(* Let $n=2$, $c\equiv1$ and $u_0(x)=-|x|$. For $\varepsilon>0$ let $u^\varepsilon$ be the unique viscosity solution of $$u^\varepsilon_t-\varepsilon\,\mathrm{tr}\{(I_2-\widehat{Du^\varepsilon}\otimes\widehat{Du^\varepsilon})D^2u^\varepsilon\}-|Du^\varepsilon|=0\ \text{in }\mathbb{R}^2\times(0,\infty),\qquad u^\varepsilon(\cdot,0)=u_0,$$ (i.e. $u^\varepsilon_t+F(\varepsilon D^2u^\varepsilon,Du^\varepsilon,x/\varepsilon)=0$ with $F(X,p,y)=-\mathrm{tr}\{(I_2-\hat p\otimes\hat p)X\}-c(y)|p|$), and let $u$ be the unique viscosity solution of the effective problem $u_t+\overline{F}(Du/|Du|)|Du|=0$ in $\mathbb{R}^2\times(0,\infty)$, $u(\cdot,0)=u_0$. Then for any $\varepsilon>0$ and any $(x,t)\in\mathbb{R}^2\times[0,\infty)$ with $|x|=t>\varepsilon(1+e^{-1})$, $$|u^\varepsilon(x,t)-u(x,t)|\geq\frac12\varepsilon\Big(\log\Big(\frac{t}{\varepsilon}-1\Big)+1\Big).$$
   Context: $\hat p=p/|p|$ for $p\neq0$. For each $p\in\mathbb{R}^2$, $\overline{F}(p)$ denotes the unique real number such that $F(D^2v,p+Dv,y)=\overline{F}(p)$ admits a $\mathbb{Z}^2$-periodic viscosity solution (for $c\equiv1$ this gives $\overline{F}(p)=-|p|$). Solutions are viscosity solutions in the sense appropriate for geometric equations. *)

theory Defs
  imports "HOL-Analysis.Analysis"
begin

type_synonym vec2 = "real^2"
type_synonym mat2 = "real^2^2"

text \<open>Unit vector \<open>p/|p|\<close> (only used for \<open>p \<noteq> 0\<close>).\<close>
definition unitv :: "vec2 \<Rightarrow> vec2" where
  "unitv p = (1 / norm p) *\<^sub>R p"

definition outer :: "vec2 \<Rightarrow> vec2 \<Rightarrow> mat2" where
  "outer a b = (\<chi> i j. a $ i * b $ j)"

definition cfun :: "vec2 \<Rightarrow> real" where
  "cfun y = 1"

definition Fop :: "mat2 \<Rightarrow> vec2 \<Rightarrow> vec2 \<Rightarrow> real" where
  "Fop X p y = - trace ((mat 1 - outer (unitv p) (unitv p)) ** X) - cfun y * norm p"

text \<open>Lower / upper semicontinuous envelopes in \<open>(X,p)\<close> of an operator that is
  defined only for \<open>p \<noteq> 0\<close> (geometric equations).\<close>
definition lower_env :: "(mat2 \<Rightarrow> vec2 \<Rightarrow> real) \<Rightarrow> mat2 \<Rightarrow> vec2 \<Rightarrow> real" where
  "lower_env G X p = (SUP \<delta>\<in>{0<..}. INF Yq\<in>{(Y,q). dist (Y,q) (X,p) < \<delta> \<and> q \<noteq> 0}. G (fst Yq) (snd Yq))"

definition upper_env :: "(mat2 \<Rightarrow> vec2 \<Rightarrow> real) \<Rightarrow> mat2 \<Rightarrow> vec2 \<Rightarrow> real" where
  "upper_env G X p = (INF \<delta>\<in>{0<..}. SUP Yq\<in>{(Y,q). dist (Y,q) (X,p) < \<delta> \<and> q \<noteq> 0}. G (fst Yq) (snd Yq))"

definition C2_test :: "(vec2 \<Rightarrow> real) \<Rightarrow> (vec2 \<Rightarrow> vec2) \<Rightarrow> (vec2 \<Rightarrow> mat2) \<Rightarrow> bool" where
  "C2_test \<phi> D\<phi> D2\<phi> \<longleftrightarrow>
     continuous_on UNIV D2\<phi> \<and>
     (\<forall>y. (\<phi> has_derivative (\<lambda>h. D\<phi> y \<bullet> h)) (at y)) \<and>
     (\<forall>y. (D\<phi> has_derivative (\<lambda>h. D2\<phi> y *v h)) (at y))"

definition C21_test :: "(vec2 \<times> real \<Rightarrow> real) \<Rightarrow> (vec2 \<times> real \<Rightarrow> real) \<Rightarrow>
    (vec2 \<times> real \<Rightarrow> vec2) \<Rightarrow> (vec2 \<times> real \<Rightarrow> mat2) \<Rightarrow> bool" where
  "C21_test \<phi> \<phi>t D\<phi> D2\<phi> \<longleftrightarrow>
     continuous_on UNIV \<phi>t \<and> continuous_on UNIV D\<phi> \<and> continuous_on UNIV D2\<phi> \<and>
     (\<forall>x t. ((\<lambda>s. \<phi> (x, s)) has_real_derivative \<phi>t (x, t)) (at t)) \<and>
     (\<forall>x t. ((\<lambda>y. \<phi> (y, t)) has_derivative (\<lambda>h. D\<phi> (x, t) \<bullet> h)) (at x)) \<and>
     (\<forall>x t. ((\<lambda>y. D\<phi> (y, t)) has_derivative (\<lambda>h. D2\<phi> (x, t) *v h)) (at x))"

text \<open>Viscosity sub/supersolutions (geometric sense) of the cell problem
  \<open>H(D^2v, P + Dv, y) = \<lambda>\<close> on \<open>\<real>^2\<close>.\<close>
definition cell_sub :: "(mat2 \<Rightarrow> vec2 \<Rightarrow> vec2 \<Rightarrow> real) \<Rightarrow> vec2 \<Rightarrow> real \<Rightarrow> (vec2 \<Rightarrow> real) \<Rightarrow> bool" where
  "cell_sub H P lam v \<longleftrightarrow>
     (\<forall>\<phi> D\<phi> D2\<phi> y. C2_test \<phi> D\<phi> D2\<phi> \<longrightarrow>
        (\<exists>r>0. \<forall>w\<in>ball y r. v w - \<phi> w \<le> v y - \<phi> y) \<longrightarrow>
        lower_env (\<lambda>X q. H X q y) (D2\<phi> y) (P + D\<phi> y) \<le> lam)"

definition cell_super :: "(mat2 \<Rightarrow> vec2 \<Rightarrow> vec2 \<Rightarrow> real) \<Rightarrow> vec2 \<Rightarrow> real \<Rightarrow> (vec2 \<Rightarrow> real) \<Rightarrow> bool" where
  "cell_super H P lam v \<longleftrightarrow>
     (\<forall>\<phi> D\<phi> D2\<phi> y. C2_test \<phi> D\<phi> D2\<phi> \<longrightarrow>
        (\<exists>r>0. \<forall>w\<in>ball y r. v w - \<phi> w \<ge> v y - \<phi> y) \<longrightarrow>
        upper_env (\<lambda>X q. H X q y) (D2\<phi> y) (P + D\<phi> y) \<ge> lam)"

definition periodic2 :: "(vec2 \<Rightarrow> real) \<Rightarrow> bool" where
  "periodic2 v \<longleftrightarrow> (\<forall>y i. v (y + axis i 1) = v y)"

definition Fbar :: "vec2 \<Rightarrow> real" where
  "Fbar p = (THE lam. \<exists>v. continuous_on UNIV v \<and> periodic2 v \<and>
                         cell_sub Fop p lam v \<and> cell_super Fop p lam v)"

text \<open>Viscosity sub/supersolutions (geometric sense) of
  \<open>u_t + G(D^2u, Du, x) = 0\<close> in \<open>\<real>^2 \<times> (0,\<infinity>)\<close>.\<close>
definition par_sub :: "(mat2 \<Rightarrow> vec2 \<Rightarrow> vec2 \<Rightarrow> real) \<Rightarrow> (vec2 \<times> real \<Rightarrow> real) \<Rightarrow> bool" where
  "par_sub G u \<longleftrightarrow>
     (\<forall>\<phi> \<phi>t D\<phi> D2\<phi> x t. C21_test \<phi> \<phi>t D\<phi> D2\<phi> \<longrightarrow> t > 0 \<longrightarrow>
        (\<exists>r>0. \<forall>w\<in>ball (x,t) r. u w - \<phi> w \<le> u (x,t) - \<phi> (x,t)) \<longrightarrow>
        \<phi>t (x,t) + lower_env (\<lambda>X q. G X q x) (D2\<phi> (x,t)) (D\<phi> (x,t)) \<le> 0)"

definition par_super :: "(mat2 \<Rightarrow> vec2 \<Rightarrow> vec2 \<Rightarrow> real) \<Rightarrow> (vec2 \<times> real \<Rightarrow> real) \<Rightarrow> bool" where
  "par_super G u \<longleftrightarrow>
     (\<forall>\<phi> \<phi>t D\<phi> D2\<phi> x t. C21_test \<phi> \<phi>t D\<phi> D2\<phi> \<longrightarrow> t > 0 \<longrightarrow>
        (\<exists>r>0. \<forall>w\<in>ball (x,t) r. u w - \<phi> w \<ge> u (x,t) - \<phi> (x,t)) \<longrightarrow>
        \<phi>t (x,t) + upper_env (\<lambda>X q. G X q x) (D2\<phi> (x,t)) (D\<phi> (x,t)) \<ge> 0)"

text \<open>Solution of the Cauchy problem with initial datum \<open>u0\<close>, in the uniqueness class
  of continuous functions on \<open>\<real>^2 \<times> [0,\<infinity>)\<close> that are uniformly continuous on
  \<open>\<real>^2 \<times> [0,T]\<close> for every \<open>T\<close>.\<close>
definition cauchy_sol :: "(mat2 \<Rightarrow> vec2 \<Rightarrow> vec2 \<Rightarrow> real) \<Rightarrow> (vec2 \<Rightarrow> real) \<Rightarrow> (vec2 \<times> real \<Rightarrow> real) \<Rightarrow> bool" where
  "cauchy_sol G u0 u \<longleftrightarrow>
     continuous_on (UNIV \<times> {0..}) u \<and>
     (\<forall>T\<ge>0. uniformly_continuous_on (UNIV \<times> {0..T}) u) \<and>
     (\<forall>x. u (x, 0) = u0 x) \<and> par_sub G u \<and> par_super G u"

definition Feps :: "real \<Rightarrow> mat2 \<Rightarrow> vec2 \<Rightarrow> vec2 \<Rightarrow> real" where
  "Feps \<epsilon> X p x = Fop (\<epsilon> *\<^sub>R X) p ((1 / \<epsilon>) *\<^sub>R x)"

definition Feff :: "mat2 \<Rightarrow> vec2 \<Rightarrow> vec2 \<Rightarrow> real" where
  "Feff X p x = Fbar (unitv p) * norm p"

end

theory Submission
  imports Defs
begin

####

DESCRIPTION OF THE TASK: Will you return exactly the lines above from the one with "text \<open>Lower /" down to the one with "(\<forall>y. (\<phi> has_derivative", counting both as part of the range?

OUTPUT OF THE EXERCISE:
text \<open>Lower / upper semicontinuous envelopes in \<open>(X,p)\<close> of an operator that is
  defined only for \<open>p \<noteq> 0\<close> (geometric equations).\<close>
definition lower_env :: "(mat2 \<Rightarrow> vec2 \<Rightarrow> real) \<Rightarrow> mat2 \<Rightarrow> vec2 \<Rightarrow> real" where
  "lower_env G X p = (SUP \<delta>\<in>{0<..}. INF Yq\<in>{(Y,q). dist (Y,q) (X,p) < \<delta> \<and> q \<noteq> 0}. G (fst Yq) (snd Yq))"

definition upper_env :: "(mat2 \<Rightarrow> vec2 \<Rightarrow> real) \<Rightarrow> mat2 \<Rightarrow> vec2 \<Rightarrow> real" where
  "upper_env G X p = (INF \<delta>\<in>{0<..}. SUP Yq\<in>{(Y,q). dist (Y,q) (X,p) < \<delta> \<and> q \<noteq> 0}. G (fst Yq) (snd Yq))"

definition C2_test :: "(vec2 \<Rightarrow> real) \<Rightarrow> (vec2 \<Rightarrow> vec2) \<Rightarrow> (vec2 \<Rightarrow> mat2) \<Rightarrow> bool" where
  "C2_test \<phi> D\<phi> D2\<phi> \<longleftrightarrow>
     continuous_on UNIV D2\<phi> \<and>
     (\<forall>y. (\<phi> has_derivative (\<lambda>h. D\<phi> y \<bullet> h)) (at y)) \<and>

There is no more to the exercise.